Artículos

Control de la carga de entrenamiento. ¿Misma carga, diferentes efectos?

| Categoría: Destacados, Entrenamiento, Entrenamiento Personal, Fitness.
Entrenamiento

En muchas ocasiones, procuro que los alumnos entiendan que los “ejercicios” por si solos no provocan las adaptaciones al entrenamiento, si no que son las cargas en esos ejercicios los que las provocan.

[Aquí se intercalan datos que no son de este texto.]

lemma min_basis_exchange_into_indep:
  assumes "matroid E \<I>" "\<Delta> \<in> \<I>" "card \<Delta> \<le> q"
    and B: "is_min_basis (restr_trunc \<I> U q) c B" and a: "a \<in> (U \<inter> \<Delta>) - B"
  shows "\<exists>b\<in>B - \<Delta>. c b \<le> c a \<and> insert b (\<Delta> - {a}) \<in> \<I>"
proof (rule ccontr)
  assume no_exchange: "\<not> ?thesis"
  define L where "L = {b \<in> B. c b \<le> c a}"
  have B_props: "B \<in> \<I>" "B \<subseteq> U"
    using B unfolding is_min_basis_def is_basis_def restr_trunc_def by auto
  have LB: "L \<subseteq> B" unfolding L_def by blast
  have L: "L \<in> \<I>" using matroid_indep_subset[OF assms(1) B_props(1) LB] .
  have no_exchange_L: "\<forall>b\<in>L - (\<Delta> - {a}). insert b (\<Delta> - {a}) \<notin> \<I>"
    using no_exchange a unfolding L_def by blast
  have aL: "insert a L \<in> \<I>"
    using indep_insert_of_no_exchange[OF assms(1,2) _ L no_exchange_L] a by blast
  have "card L \<le> card (\<Delta> - {a})"
    using indep_card_le_of_maximal[OF assms(1) _ no_exchange_L L] matroid_indep_subset[OF assms(1,2)]
    by blast
  moreover have "card (insert a L) = Suc (card L)"
    using a LB matroid_indep_finite[OF assms(1) L] by (auto simp: card_insert_if)
  moreover have "card \<Delta> = Suc (card (\<Delta> - {a}))"
    using card.remove[OF matroid_indep_finite[OF assms(1,2)]] a by blast
  ultimately have "card (insert a L) \<le> q" using assms(3) by simp
  then have "insert a L \<in> restr_trunc \<I> U q"
    using aL a LB B_props(2) unfolding restr_trunc_def by blast
  then show False
    using min_basis_no_cheap_extension[OF matroid_restr_trunc[OF assms(1)] B] a
    unfolding L_def by blast
qed

theorem mainTheorem12:
  fixes E :: "'a set" and \<I>1 \<I>2 :: "'a set set" and c p :: "'a \<Rightarrow> real"
    and \<beta> \<epsilon> \<alpha> :: real and r :: nat and U \<Delta> B :: "'a set" and a :: 'a
  assumes inst: "BI_instance E \<I>1 \<I>2 c p \<beta>"
    and eps: "0 < \<epsilon>" "\<epsilon> < 1 / 2"
    and alpha: "BI_OPT \<I>1 \<I>2 c p \<beta> / 2 \<le> \<alpha>" "\<alpha> \<le> BI_OPT \<I>1 \<I>2 c p \<beta>"
    and r: "1 \<le> r" "real r \<le> log (1 - \<epsilon>) (\<epsilon> / 2) + 1"
    and U: "U \<subseteq> profit_class E p \<epsilon> \<alpha> r"
    and Delta: "\<Delta> \<in> M_le \<I>1 \<I>2 (q_eps \<epsilon>)"
    and B: "is_min_basis (restr_trunc \<I>2 U (q_eps \<epsilon>)) c B"
    and a: "a \<in> (U \<inter> \<Delta>) - B"
  shows "\<exists>b \<in> B - \<Delta>.
           is_shift \<I>1 \<I>2 c (q_eps \<epsilon>) (profit_class E p \<epsilon> \<alpha> r) \<Delta> a b \<or>
           is_semi_shift \<I>1 \<I>2 c (q_eps \<epsilon>) (profit_class E p \<epsilon> \<alpha> r) \<Delta> a b"
proof -
  \<comment> \<open>Only the matroid structure of \<open>\<I>\<^sub>2\<close> matters.\<close>
  have m2: "matroid E \<I>2" using inst unfolding BI_instance_def by blast
  have Delta_props: "\<Delta> \<in> \<I>2" "card \<Delta> \<le> q_eps \<epsilon>" using Delta unfolding M_le_def by auto
  obtain b where b: "b \<in> B - \<Delta>" "c b \<le> c a" "insert b (\<Delta> - {a}) \<in> \<I>2"
    using min_basis_exchange_into_indep[OF m2 Delta_props B a] by blast
  have "b \<in> U" using b(1) B unfolding is_min_basis_def is_basis_def restr_trunc_def by blast
  then have ab: "a \<in> \<Delta> \<inter> profit_class E p \<epsilon> \<alpha> r" "b \<in> profit_class E p \<epsilon> \<alpha> r - \<Delta>"
    using a b(1) U by auto
  have "card (insert b (\<Delta> - {a})) \<le> q_eps \<epsilon>"
    using card_insert_Diff_singleton[OF matroid_indep_finite[OF m2 Delta_props(1)]] a b(1)
      Delta_props(2) by auto
  then show ?thesis
    using b ab Delta unfolding is_shift_def is_semi_shift_def M_le_def by blast
qed

end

Zintl (1991) ya nos enumeraba 6 componentes de la carga ante un mismo ejercicio (este sería otro componente) que son:

  • Volumen: componente cuantitativo, como el total de repeticiones realizadas.
  • Intensidad: componente cualitativo, como el %1RM.
  • Duración: tiempo de trabajo.
  • Descanso: tiempo de los descansos.
  • Densidad: relación entre el tiempo de trabajo y el de descanso.
  • Frecuencia: las veces que se realiza en entrenamiento.

Generalmente, en el ámbito de los gimnasios, solo se suelen contemplar el volumen (series y repeticiones), la intensidad (%1RM, si el entrenador es bueno) y el descanso entre series.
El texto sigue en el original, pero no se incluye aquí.